Wesseling: Dankend abgelehnt
Das hatte Bürgermeister Ralph Manzke ausgerechnet und auf die Idee gebracht, dieser geballten Lebenserfahrung schon lange vor dem traditionellen Rathaussturm den Rathausschlüssel zu überreichen. Dann könnten die doch den Haushalt einbringen und ein Haushaltssicherungskonzept aufstellen, fand der Verwaltungschef.
Doch Prinz Ralf lehnte dankend ab: Er habe jeden Tag mit so vielen Schlüsseln zu tun, dass der Bürgermeister ihm mit diesem Angebot keinen Gefallen tun könne. Dazu muss man wissen, dass Prinz Ralf schon seit 1989 er bei der Firma DOM Sicherheitstechnik arbeitet. Dort ist er Prokurist und Mitglied der Geschäftsleitung.

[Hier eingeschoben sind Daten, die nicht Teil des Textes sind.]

lemma history_reindex:
  assumes "stepwise c" "c 0 = 0" and x_Y: "\<And>t. x t = Y (c t)"
  shows "history x = (\<lambda>k. remdups_adj (map Y [0..<Suc k])) ` range c"
proof -
  have "remdups_adj (map x [0..<Suc t]) = remdups_adj (map Y [0..<Suc (c t)])" for t
  proof (induction t)
    case 0
    then show ?case by (simp add: x_Y assms(2))
  next
    case (Suc t)
    have "remdups_adj (map x [0..<Suc (Suc t)])
        = remdups_adj (map x [0..<Suc t]) @ (if x t = x (Suc t) then [] else [x (Suc t)])"
      using remdups_adj_append_two[of "map x [0..<t]" "x t" "x (Suc t)"] by simp
    also have "\<dots> = remdups_adj (map Y [0..<Suc (c t)])
        @ (if Y (c t) = Y (c (Suc t)) then [] else [Y (c (Suc t))])"
      by (simp only: Suc.IH x_Y)
    also have "\<dots> = remdups_adj (map Y [0..<Suc (c (Suc t))])"
    proof (cases "c (Suc t) = c t")
      case False
      then have "c (Suc t) = Suc (c t)" using assms(1) unfolding stepwise_def by metis
      then show ?thesis
        using remdups_adj_append_two[of "map Y [0..<c t]" "Y (c t)" "Y (Suc (c t))"] by simp
    qed simp
    finally show ?case .
  qed
  then have "(\<lambda>t. remdups_adj (map x [0..<Suc t])) = (\<lambda>k. remdups_adj (map Y [0..<Suc k])) \<circ> c"
    by (simp only: comp_def)
  then show ?thesis
    by (simp only: history_def image_comp)
qed

lemma points_to_unique:
  fixes i j :: "'i::linorder"
  shows "i \<noteq> j \<Longrightarrow> points_to d {i, j} i \<Longrightarrow> \<not> points_to d {i, j} j"
  by (cases d) (auto simp: points_to_def max_def min_def split: if_splits)

locale flip_network =
  fixes adj :: "'i::linorder \<Rightarrow> 'i \<Rightarrow> bool"
    and f :: "'i \<Rightarrow> ('i \<Rightarrow> 's) \<Rightarrow> 's \<times> ('i \<Rightarrow> dir)"
    and c0 :: "('i \<Rightarrow> 's) \<times> ('i set \<Rightarrow> dir)"
  assumes adj_sym: "adj i j \<Longrightarrow> adj j i"
    and adj_irrefl: "\<not> adj i i"
    and finite_neighbours: "finite {j. adj i j}"
begin

definition node_state :: "(nat \<Rightarrow> 'i set) \<Rightarrow> nat \<Rightarrow> 'i \<Rightarrow> 's" where
  "node_state z t = fst (run adj f z c0 t)"

definition edge_dir :: "(nat \<Rightarrow> 'i set) \<Rightarrow> nat \<Rightarrow> 'i set \<Rightarrow> dir" where
  "edge_dir z t = snd (run adj f z c0 t)"

definition fires_at :: "(nat \<Rightarrow> 'i set) \<Rightarrow> nat \<Rightarrow> 'i \<Rightarrow> bool" where
  "fires_at z t i \<longleftrightarrow> fires adj (z t) (edge_dir z t) i"

primrec firings :: "(nat \<Rightarrow> 'i set) \<Rightarrow> 'i \<Rightarrow> nat \<Rightarrow> nat" where
  "firings z i 0 = 0"
| "firings z i (Suc t) = (if fires_at z t i then Suc (firings z i t) else firings z i t)"

lemma node_state_0: "node_state z 0 = fst c0"
  by (simp add: node_state_def)

lemma edge_dir_0: "edge_dir z 0 = snd c0"
  by (simp add: edge_dir_def)

lemma node_state_Suc:
  "node_state z (Suc t) i =
     (if fires_at z t i then fst (f i (local_view adj (node_state z t) i)) else node_state z t i)"
  by (simp add: node_state_def edge_dir_def fires_at_def step_def split: prod.split)

lemma fires_at_points_to:
  "fires_at z t i \<Longrightarrow> adj i j \<Longrightarrow> points_to (edge_dir z t {i, j}) {i, j} i"
  by (simp add: fires_at_def fires_def applicable_def)

lemma not_fires_at_if_points_to:
  assumes "adj i j" "points_to (edge_dir z t {i, j}) {i, j} i"
  shows "\<not> fires_at z t j"
proof
  assume "fires_at z t j"
  then have "points_to (edge_dir z t {i, j}) {i, j} j"
    using fires_at_points_to[of z t j i] adj_sym[OF assms(1)] by (simp add: insert_commute)
  moreover have "i \<noteq> j"
    using assms(1) adj_irrefl by auto
  ultimately show False
    using points_to_unique assms(2) by blast
qed

lemma adjacent_not_both_fire: "adj i j \<Longrightarrow> fires_at z t i \<Longrightarrow> \<not> fires_at z t j"
  using fires_at_points_to not_fires_at_if_points_to by blast

lemma edge_dir_Suc:
  assumes "adj i j"
  shows "edge_dir z (Suc t) {i, j} =
    (if fires_at z t i then snd (f i (local_view adj (node_state z t) i)) j
     else if fires_at z t j then snd (f j (local_view adj (node_state z t) j)) i
     else edge_dir z t {i, j})"
proof -
  obtain \<sigma> \<delta> where run: "run adj f z c0 t = (\<sigma>, \<delta>)"
    by fastforce
  have "\<exists>a b. {i, j} = {a, b} \<and> adj a b"
    using assms by blast
  moreover have "i \<noteq> j"
    using assms adj_irrefl by auto
  ultimately show ?thesis
    using adjacent_not_both_fire[OF assms, of z t]
    by (auto simp: edge_dir_def node_state_def fires_at_def run step_def min_def max_def)
qed

lemma stepwise_firings: "stepwise (firings z i)"
  by (simp add: stepwise_def)

lemma firings_mono: "a \<le> b \<Longrightarrow> firings z i a \<le> firings z i b"
  using stepwise_mono[OF stepwise_firings] by (simp add: monoD)

lemma stepwise_firings_sum: "adj i j \<Longrightarrow> stepwise (\<lambda>t. firings z i t + firings z j t)"
  using adjacent_not_both_fire by (auto simp: stepwise_def)

lemma not_fires_at_if_firings_eq:
  assumes "a \<le> v" "v < b" "firings z i a = firings z i b"
  shows "\<not> fires_at z v i"
proof
  assume "fires_at z v i"
  moreover have "firings z i a \<le> firings z i v"
    using assms(1) by (rule firings_mono)
  ultimately have "firings z i a < firings z i (Suc v)"
    by simp
  also have "\<dots> \<le> firings z i b"
    using assms(2) by (intro firings_mono) simp
  finally show False
    using assms(3) by simp
qed

lemma firing_time_unique:
  assumes "fires_at z u i" "fires_at z v i" "firings z i u = firings z i v"
  shows "u = v"
  using not_fires_at_if_firings_eq[of u u v z i] not_fires_at_if_firings_eq[of v v u z i] assms
  by (cases u v rule: linorder_cases) auto

lemma node_state_stable:
  "a \<le> b \<Longrightarrow> firings z i a = firings z i b \<Longrightarrow> node_state z b i = node_state z a i"
proof (induction b)
  case (Suc b)
  show ?case
  proof (cases "a = Suc b")
    case False
    with Suc.prems have "a \<le> b" by simp
    have "firings z i b = firings z i a"
      using firings_mono[of a b z i] firings_mono[of b "Suc b" z i] \<open>a \<le> b\<close> Suc.prems(2)
      by linarith
    moreover have "\<not> fires_at z b i"
      using not_fires_at_if_firings_eq[OF \<open>a \<le> b\<close> _ Suc.prems(2)] by simp
    ultimately show ?thesis
      using Suc.IH \<open>a \<le> b\<close> by (simp add: node_state_Suc)
  qed simp
qed simp
(* Let $k\ge 2$ and let $P\subset\mathbb{R}^k$ be a finite point set with properties $a_1,\dots,a_k\colon P\to\{-1,1\}$, each strictly linearly separable on $P$, such that all $2^k$ possible labels occur in $P$. For $i=2,\dots,k$ let $H_i$ be a hyperplane strictly separating $P^i_-$ from $P^i_+$, with normal $v_i$. Then for every unit vector $w\in\mathbb{R}^k$ with $w\cdot v_i=0$ for all $i=2,\dots,k$, the projected sets $P'_-$ and $P'_+$ are not strictly linearly separable in $w^\perp$.
   Context: $P^i_{\pm}=\{p\in P: a_i(p)=\pm1\}$, $P_\pm=P^1_\pm$; the label of $p$ is $(a_1(p),\dots,a_k(p))$. Projection along a unit vector $w$: $p'=p-(p\cdot w)w$, and $X'$ denotes the image of $X$. Finite sets $X,Y$ in a linear subspace $L$ are strictly linearly separable (in $L$) if there exist a unit $v\in L$ and $c\in\mathbb{R}$ with $v\cdot x<c<v\cdot y$ for all $x\in X$, $y\in Y$. *)

theory Defs
  imports "HOL-Analysis.Analysis"
begin

definition strictly_lin_sep :: "('a::real_inner) set \<Rightarrow> 'a set \<Rightarrow> 'a set \<Rightarrow> bool" where
  "strictly_lin_sep L X Y \<longleftrightarrow>
     (\<exists>v c. v \<in> L \<and> norm v = 1 \<and> (\<forall>x\<in>X. v \<bullet> x < c) \<and> (\<forall>y\<in>Y. c < v \<bullet> y))"

definition proj_along :: "('a::real_inner) \<Rightarrow> 'a \<Rightarrow> 'a" where
  "proj_along w p = p - (p \<bullet> w) *\<^sub>R w"

definition part_minus :: "(nat \<Rightarrow> 'a \<Rightarrow> int) \<Rightarrow> nat \<Rightarrow> 'a set \<Rightarrow> 'a set" where
  "part_minus a i P = {p\<in>P. a i p = -1}"

definition part_plus :: "(nat \<Rightarrow> 'a \<Rightarrow> int) \<Rightarrow> nat \<Rightarrow> 'a set \<Rightarrow> 'a set" where
  "part_plus a i P = {p\<in>P. a i p = 1}"

end

theory Submission
  imports Defs
begin

text \<open>
  Suppose the projections of \<open>P\<^sub>-\<close> and \<open>P\<^sub>+\<close> were separated in \<open>w\<^sup>\<bottom>\<close> by a normal \<open>u\<close>.
  Since \<open>u \<bullet> p' = u \<bullet> p\<close>, the vectors \<open>u, v\<^sub>2, \<dots>, v\<^sub>k\<close> are then \<open>k\<close> normals of hyperplanes
  separating the properties \<open>a\<^sub>1, \<dots>, a\<^sub>k\<close> on \<open>P\<close>, all lying in the \<open>(k-1)\<close>-dimensional space
  \<open>w\<^sup>\<bottom>\<close>; so they satisfy a nontrivial relation \<open>\<Sum> \<mu>\<^sub>i g\<^sub>i = 0\<close>. Choosing \<open>p \<in> P\<close> with
  label \<open>sgn \<mu>\<close> and \<open>q \<in> P\<close> with the opposite label gives
  \<open>0 < \<Sum> \<mu>\<^sub>i (g\<^sub>i \<bullet> p - g\<^sub>i \<bullet> q) = (\<Sum> \<mu>\<^sub>i g\<^sub>i) \<bullet> (p - q) = 0\<close>.
\<close>

definition separates_by_sign :: "'a::real_inner \<Rightarrow> real \<Rightarrow> ('a \<Rightarrow> int) \<Rightarrow> 'a set \<Rightarrow> bool" where
  "separates_by_sign g c f P \<longleftrightarrow> (\<forall>p\<in>P. (f p = -1 \<longrightarrow> g \<bullet> p < c) \<and> (f p = 1 \<longrightarrow> c < g \<bullet> p))"

lemma separates_by_sign_less:
  assumes "separates_by_sign g c f P" "p \<in> P" "q \<in> P" "f p = 1" "f q = -1"
  shows "g \<bullet> q < g \<bullet> p"
proof -
  have "g \<bullet> q < c" "c < g \<bullet> p"
    using assms unfolding separates_by_sign_def by auto
  then show ?thesis by linarith
qed

lemma separates_by_sign_if_separating_parts:
  assumes "(\<forall>x\<in>part_minus a i P. g \<bullet> x < c) \<and> (\<forall>y\<in>part_plus a i P. c < g \<bullet> y)"
  shows "separates_by_sign g c (a i) P"
  using assms by (auto simp: separates_by_sign_def part_minus_def part_plus_def)

lemma exists_orthogonal_separating_normal_if_separates_parts:
  assumes orth: "w \<bullet> v = 0"
    and "\<exists>c. ((\<forall>x\<in>part_minus a i P. v \<bullet> x < c) \<and> (\<forall>y\<in>part_plus a i P. c < v \<bullet> y)) \<or>
             ((\<forall>x\<in>part_plus a i P. v \<bullet> x < c) \<and> (\<forall>y\<in>part_minus a i P. c < v \<bullet> y))"
  shows "\<exists>g c. w \<bullet> g = 0 \<and> separates_by_sign g c (a i) P"
proof -
  from assms(2) obtain c where
    "((\<forall>x\<in>part_minus a i P. v \<bullet> x < c) \<and> (\<forall>y\<in>part_plus a i P. c < v \<bullet> y)) \<or>
     ((\<forall>x\<in>part_plus a i P. (- v) \<bullet> x > - c) \<and> (\<forall>y\<in>part_minus a i P. - c > (- v) \<bullet> y))"
    by auto
  then show ?thesis
  proof (elim disjE)
    assume "(\<forall>x\<in>part_minus a i P. v \<bullet> x < c) \<and> (\<forall>y\<in>part_plus a i P. c < v \<bullet> y)"
    then show ?thesis
      using orth separates_by_sign_if_separating_parts by blast
  next
    assume "(\<forall>x\<in>part_plus a i P. (- v) \<bullet> x > - c) \<and> (\<forall>y\<in>part_minus a i P. - c > (- v) \<bullet> y)"
    moreover have "w \<bullet> - v = 0" using orth by simp
    ultimately show ?thesis
      using separates_by_sign_if_separating_parts by blast
  qed
qed

lemma inner_proj_along_orthogonal:
  assumes "u \<bullet> w = 0"
  shows "u \<bullet> proj_along w x = u \<bullet> x"
  using assms by (simp add: proj_along_def inner_diff_right)

lemma exists_orthogonal_separating_normal_if_separates_projections:
  assumes "strictly_lin_sep {x. x \<bullet> w = 0} (proj_along w ` part_minus a i P) (proj_along w ` part_plus a i P)"
  shows "\<exists>u c. w \<bullet> u = 0 \<and> separates_by_sign u c (a i) P"
proof -
  obtain u c where u: "u \<bullet> w = 0"
      "\<forall>x\<in>part_minus a i P. u \<bullet> proj_along w x < c"
      "\<forall>y\<in>part_plus a i P. c < u \<bullet> proj_along w y"
    using assms unfolding strictly_lin_sep_def by auto
  then have "separates_by_sign u c (a i) P"
    using inner_proj_along_orthogonal[OF u(1)]
    by (auto simp: separates_by_sign_def part_minus_def part_plus_def)
  with u(1) show ?thesis by (auto simp: inner_commute)
qed

lemma exists_nontrivial_relation_if_dim_less:
  fixes g :: "nat \<Rightarrow> 'a::euclidean_space"
  assumes gS: "\<forall>i\<in>{1..m}. g i \<in> S" and dS: "dim S < m"
  shows "\<exists>\<mu>. (\<exists>i\<in>{1..m}. \<mu> i \<noteq> 0) \<and> (\<Sum>i\<in>{1..m}. \<mu> i *\<^sub>R g i) = 0"
proof (cases "inj_on g {1..m}")
  case False
  then obtain i j where ij: "i \<in> {1..m}" "j \<in> {1..m}" "i \<noteq> j" "g i = g j"
    unfolding inj_on_def by blast
  define \<mu> where "\<mu> = (\<lambda>x::nat. if x = i then (1::real) else if x = j then -1 else 0)"
  have summand: "\<mu> x *\<^sub>R g x = (if x = i then g i else 0) - (if x = j then g j else 0)" for x
    using ij(3) by (simp add: \<mu>_def)
  have "(\<Sum>x\<in>{1..m}. \<mu> x *\<^sub>R g x) = 0"
    unfolding summand sum_subtractf using ij by simp
  moreover have "\<mu> i \<noteq> 0" by (simp add: \<mu>_def)
  ultimately show ?thesis using ij(1) by blast
next
  case True
  let ?B = "g ` {1..m}"
  have "dependent ?B"
  proof (rule ccontr)
    assume "independent ?B"
    moreover have "?B \<subseteq> S" using gS by blast
    ultimately have "card ?B \<le> dim S"
      using independent_card_le_dim by blast
    then show False using True dS by (simp add: card_image)
  qed
  then obtain u where u: "\<exists>v\<in>?B. u v \<noteq> 0" "(\<Sum>v\<in>?B. u v *\<^sub>R v) = 0"
    using dependent_finite[of ?B] by auto
  have "(\<Sum>i\<in>{1..m}. u (g i) *\<^sub>R g i) = 0"
    using u(2) sum.reindex[OF True, of "\<lambda>v. u v *\<^sub>R v"] by (simp add: o_def)
  moreover have "\<exists>i\<in>{1..m}. u (g i) \<noteq> 0" using u(1) by blast
  ultimately show ?thesis by (intro exI[of _ "\<lambda>i. u (g i)"]) simp
qed

lemma sum_separating_normals_nonzero:
  fixes g :: "nat \<Rightarrow> 'a::real_inner"
  assumes fin: "finite I"
    and separates: "\<forall>i\<in>I. separates_by_sign (g i) (c i) (a i) P"
    and labels: "\<forall>s. (\<forall>i\<in>I. s i \<in> {-1, 1}) \<longrightarrow> (\<exists>p\<in>P. \<forall>i\<in>I. a i p = s i)"
    and nontrivial: "j \<in> I" "\<mu> j \<noteq> 0"
  shows "(\<Sum>i\<in>I. \<mu> i *\<^sub>R g i) \<noteq> 0"
proof
  assume relation: "(\<Sum>i\<in>I. \<mu> i *\<^sub>R g i) = 0"
  define s where "s i = (if \<mu> i \<ge> 0 then (1::int) else -1)" for i
  have "\<forall>i\<in>I. s i \<in> {-1, 1}" and "\<forall>i\<in>I. - s i \<in> {-1, 1}"
    by (auto simp: s_def)
  then obtain p q where p: "p \<in> P" "\<forall>i\<in>I. a i p = s i" and q: "q \<in> P" "\<forall>i\<in>I. a i q = - s i"
    using labels[rule_format, of s] labels[rule_format, of "\<lambda>i. - s i"] by auto
  have oriented: "0 < \<mu> i * (g i \<bullet> p - g i \<bullet> q)" if i: "i \<in> I" and "\<mu> i \<noteq> 0" for i
  proof (cases "\<mu> i \<ge> 0")
    case True
    then have "a i p = 1" "a i q = -1" using p q i by (simp_all add: s_def)
    then have "g i \<bullet> q < g i \<bullet> p"
      using separates_by_sign_less separates i p q by blast
    then show ?thesis using True \<open>\<mu> i \<noteq> 0\<close> by simp
  next
    case False
    then have "a i q = 1" "a i p = -1" using p q i by (simp_all add: s_def)
    then have "g i \<bullet> p < g i \<bullet> q"
      using separates_by_sign_less separates i p q by blast
    then show ?thesis using False by (simp add: mult_neg_neg)
  qed
  have nonneg: "0 \<le> \<mu> i * (g i \<bullet> p - g i \<bullet> q)" if "i \<in> I" for i
    using oriented[OF that] by (cases "\<mu> i = 0") auto
  have "0 < (\<Sum>i\<in>I. \<mu> i * (g i \<bullet> p - g i \<bullet> q))"
    by (rule sum_pos2[where f = "\<lambda>i. \<mu> i * (g i \<bullet> p - g i \<bullet> q)", OF fin nontrivial(1)])
      (simp_all add: oriented[OF nontrivial] nonneg)
  also have "\<dots> = (\<Sum>i\<in>I. \<mu> i *\<^sub>R g i) \<bullet> (p - q)"
    by (simp add: inner_sum_left inner_diff_right right_diff_distrib sum_subtractf)
  finally show False using relation by simp
qed

theorem mainTheorem4:
  fixes P :: "(real^'n) set"
    and a :: "nat \<Rightarrow> real^'n \<Rightarrow> int"
    and v :: "nat \<Rightarrow> real^'n"
    and w :: "real^'n"
  assumes k2: "CARD('n) \<ge> 2"
    and finP: "finite P"
    and vals: "\<forall>i\<in>{1..CARD('n)}. \<forall>p\<in>P. a i p \<in> {-1, 1}"
    and sep: "\<forall>i\<in>{1..CARD('n)}. strictly_lin_sep UNIV (part_minus a i P) (part_plus a i P)"
    and labels: "\<forall>s::nat \<Rightarrow> int. (\<forall>i\<in>{1..CARD('n)}. s i \<in> {-1, 1}) \<longrightarrow>
                   (\<exists>p\<in>P. \<forall>i\<in>{1..CARD('n)}. a i p = s i)"
    and hyp: "\<forall>i\<in>{2..CARD('n)}. v i \<noteq> 0 \<and> (\<exists>c.
                 ((\<forall>x\<in>part_minus a i P. v i \<bullet> x < c) \<and> (\<forall>y\<in>part_plus a i P. c < v i \<bullet> y)) \<or>
                 ((\<forall>x\<in>part_plus a i P. v i \<bullet> x < c) \<and> (\<forall>y\<in>part_minus a i P. c < v i \<bullet> y)))"
    and wunit: "norm w = 1"
    and worth: "\<forall>i\<in>{2..CARD('n)}. w \<bullet> v i = 0"
  shows "\<not> strictly_lin_sep {x. x \<bullet> w = 0}
            (proj_along w ` part_minus a 1 P) (proj_along w ` part_plus a 1 P)"
proof
  let ?k = "CARD('n)"
  assume proj_sep: "strictly_lin_sep {x. x \<bullet> w = 0}
            (proj_along w ` part_minus a 1 P) (proj_along w ` part_plus a 1 P)"
  have "\<exists>g c. w \<bullet> g = 0 \<and> separates_by_sign g c (a i) P" if "i \<in> {1..?k}" for i
  proof (cases "i = 1")
    case True
    then show ?thesis
      using exists_orthogonal_separating_normal_if_separates_projections[OF proj_sep] by simp
  next
    case False
    with that have "i \<in> {2..?k}" by simp
    then show ?thesis
      using exists_orthogonal_separating_normal_if_separates_parts[of w "v i"] hyp worth by blast
  qed
  then obtain g c where g: "\<And>i. i \<in> {1..?k} \<Longrightarrow> w \<bullet> g i = 0 \<and> separates_by_sign (g i) (c i) (a i) P"
    by metis
  have "w \<noteq> 0" using wunit by auto
  then have "dim {x. w \<bullet> x = 0} < ?k"
    using dim_hyperplane[of w] k2 by simp
  moreover have "\<forall>i\<in>{1..?k}. g i \<in> {x. w \<bullet> x = 0}"
    using g by blast
  ultimately obtain \<mu> where "\<exists>j\<in>{1..?k}. \<mu> j \<noteq> 0" "(\<Sum>i\<in>{1..?k}. \<mu> i *\<^sub>R g i) = 0"
    using exists_nontrivial_relation_if_dim_less by blast
  moreover have "\<forall>i\<in>{1..?k}. separates_by_sign (g i) (c i) (a i) P"
    using g by blast
  ultimately show False
    using sum_separating_normals_nonzero[OF finite_atLeastAtMost _ labels] by blast
qed

end
lemma LUC_orbit:
  fixes T :: "'s::{topological_space,semigroup_mult} \<Rightarrow> 'm::metric_space \<Rightarrow> 'm"
    and \<phi> :: "'m \<Rightarrow> real"
  assumes compact: "compact (UNIV :: 'm set)" and cont: "continuous_on UNIV (\<lambda>(s, x). T s x)"
    and rep: "\<And>s t. T (s * t) = T s \<circ> T t" and \<phi>: "continuous_on UNIV \<phi>"
  shows "(\<lambda>t. \<phi> (T t x)) \<in> LUC"
proof (rule LUCI)
  have "bounded (range \<phi>)"
    by (rule compact_imp_bounded[OF compact_continuous_image[OF \<phi> compact]])
  then show "bounded (range (\<lambda>t. \<phi> (T t x)))" by (rule bounded_subset) auto
  show "continuous_on UNIV (\<lambda>t. \<phi> (T t x))"
    by (rule continuous_on_UNIV_compose[OF \<phi> jointly_continuous_sections(2)[OF cont]])
  fix s0 :: 's and e :: real assume "e > 0"
  moreover have "uniformly_continuous_on UNIV \<phi>"
    by (rule compact_uniformly_continuous[OF \<phi> compact])
  ultimately obtain d where "d > 0" and d: "\<And>y y'. dist y' y < d \<Longrightarrow> dist (\<phi> y') (\<phi> y) < e"
    unfolding uniformly_continuous_on_def by blast
  have "continuous_on (UNIV \<times> UNIV) (\<lambda>(s, x). T s x)" using cont by simp
  then obtain U where "s0 \<in> U" "open U"
    and U: "\<forall>s\<in>U \<inter> UNIV. \<forall>y\<in>UNIV. dist (T s y) (T s0 y) \<le> d/2"
    by (rule continuous_on_prod_compactE[of UNIV UNIV "\<lambda>(s, x). T s x" s0,
          OF _ compact UNIV_I half_gt_zero[OF \<open>d > 0\<close>]]) auto
  show "\<exists>U. open U \<and> s0 \<in> U \<and> (\<forall>s\<in>U. \<forall>t. \<bar>\<phi> (T (s * t) x) - \<phi> (T (s0 * t) x)\<bar> < e)"
  proof (intro exI[of _ U] conjI ballI allI)
    fix s t assume "s \<in> U"
    then have "dist (T s (T t x)) (T s0 (T t x)) \<le> d/2" using U by blast
    then have "dist (T s (T t x)) (T s0 (T t x)) < d" using \<open>d > 0\<close> by linarith
    then show "\<bar>\<phi> (T (s * t) x) - \<phi> (T (s0 * t) x)\<bar> < e"
      using d by (simp add: rep dist_real_def)
  qed fact+
qed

Andreas Over, Präsident des Wesselinger Festkomitees, stellte die Tollität vor und verriet, dass die Eltern, die Ehefrau und der Sohn des Prinzen mächtig stolz auf ihn sind. In der Gro-We-Ka ist Prinz Ralf bereits eine Institution. Er tanzte schon 1992 bei den Fändelschwenkern und zum 100-jährigen Bestehen der Gesellschaft durfte er als Vize-Kommandant der Fändelschwenker den Jubiläums-Prinzen durch die Session begleiten.
Dem Prinzen und den vielen Gästen zu Ehren gab es nach der Proklamation ein märchenhaftes Programm: Gro-We-Ka-Präsident Andreas Mertin konnte auf der „Kronenburg“ unter anderem Klaus und Willi, die Domstürmern, Martin Schopps, die Bläck Fööss und Kasalla begrüßen.
Schweigeminute
Noch vor der Proklamation hatte Bürgermeister Ralph Manzke von der Bühne aus zu einer Schweigeminute ausgerufen, um an den am zweiten Weihnachtstag verstorbenen ehemaligen Bürgermeister Erwin Esser zu erinnern. Dankbar und mit Applaus nahmen die Gäste dieses Angebot an. Sie hatten sich von ihren Plätzen erhoben, ihre Mützen, Hüte und den Festschmuck von ihren Köpfen genommen und innegehalten. (mkl)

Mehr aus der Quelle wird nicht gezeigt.